Dit verhaal gaat over de carriere van Meijer Smeer. Hij was dirigent met veel passie en grotendeels autodidact! Dit verhaal stond eerder in de Misjpoge, het tijdschrift van de Nederlandse Kring voor Joodse Genealogie (2015-4). MAAR nu met nieuwe foto's!

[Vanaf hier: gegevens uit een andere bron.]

(* For every odd integer $\Delta \ge 1$ there is a local algorithm that, on every graph $\mathcal{G}=(V,E)$ without isolated nodes, of maximum degree at most $\Delta$, equipped with a port numbering and an orientation (and no colouring, no identifiers), outputs a dominating set $D$ with $|D| \le \Delta\,|D^*|$, where $D^*$ is a minimum dominating set of $\mathcal{G}$.
   Context: Model: a graph $\mathcal{G}=(V,E)$ without isolated nodes is a distributed system; every node runs the same deterministic algorithm. Communication is synchronous: in each round every node receives messages from its neighbours, performs local computation, and sends messages to its neighbours. Each node knows its degree and the global degree bound $\Delta$. A local algorithm is one that terminates after $T$ rounds, where $T$ may depend on $\Delta$ but not on the number of nodes; its output at a node is whether the node belongs to the solution. A port numbering means each node has a fixed ordering of its incident edges, known to it; nodes have no identifiers. An orientation chooses for each edge $\{u,v\}$ exactly one direction, and each node knows which of its incident edges are outgoing and which are incoming. *)

theory Defs
  imports Main
begin

text \<open>Port numbering pn: node v reaches its neighbours through ports 0..<deg v, pn v i is
  the neighbour at port i. Orientation ori: ori u v means edge {u,v} is directed u to v.\<close>

definition degree :: "('v \<Rightarrow> 'v \<Rightarrow> bool) \<Rightarrow> 'v \<Rightarrow> nat" where
  "degree adj v = card {u. adj v u}"

definition valid_instance ::
  "'v set \<Rightarrow> ('v \<Rightarrow> 'v \<Rightarrow> bool) \<Rightarrow> ('v \<Rightarrow> nat \<Rightarrow> 'v) \<Rightarrow> ('v \<Rightarrow> 'v \<Rightarrow> bool) \<Rightarrow> bool" where
  "valid_instance V adj pn ori \<longleftrightarrow>
     finite V \<and>
     (\<forall>u v. adj u v \<longrightarrow> u \<in> V \<and> v \<in> V \<and> u \<noteq> v \<and> adj v u) \<and>
     (\<forall>v\<in>V. bij_betw (pn v) {..<degree adj v} {u. adj v u}) \<and>
     (\<forall>u v. adj u v \<longrightarrow> (ori u v \<longleftrightarrow> \<not> ori v u))"

definition port_of :: "('v \<Rightarrow> 'v \<Rightarrow> bool) \<Rightarrow> ('v \<Rightarrow> nat \<Rightarrow> 'v) \<Rightarrow> 'v \<Rightarrow> 'v \<Rightarrow> nat" where
  "port_of adj pn u v = (THE j. j < degree adj u \<and> pn u j = v)"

Meijer Smeer, dirigent van de Tugelaweg
Van plateelbakker tot dirigent!
”Er gaat van uit een gloed en bezieling, iets wat bekoort en treft, wat het harte raakt en het gemoed streelt, het Joodsch gevoel is hieraan zeker niet vreemd, het sentiment treedt hierbij naar voren en mist haar uitwerking niet.”(1)
Dit citaat uit 1926 komt uit een lange toespraak van de commissaris van Politie: Ploos van Amstel. Hij spreekt over Mannenzangvereniging Transvaal dat onder de bezielende leiding staat van een bijzondere dirigent: Meijer Smeer. Deze vergeten dirigent heeft veel koren, vooral van socialistisch signatuur, geleid
Meijer Smeer werd geboren in de Uilenburgerstraat op 8 september 1886 als jongste zoon van Aron Smeer en Anna Rozina de Korte.(2)
Of Meijer naar school is geweest, is niet bekend. De leerplicht bestond nog niet, die werd pas in 1901 ingevoerd. Zijn muzikale carrière is pas op latere leeftijd van de grond gekomen. Vanaf zijn 10e jaar werkt hij, aanvankelijk als leerling, bij de Amsterdamsche Plateelbakkerij 'De Distel' (adres: Nieuwe Lijnbaansgracht 35-36-37, later werd dit Valckenierstraat), in het begin als plateelbakker (maker van geglazuurd aardewerk). De Distel is opgericht in 1895 door Jacobus Mozes Lob een Joodse ondernemer. Dit was de enige Joodse aardewerkfabriek van Nederland.(3)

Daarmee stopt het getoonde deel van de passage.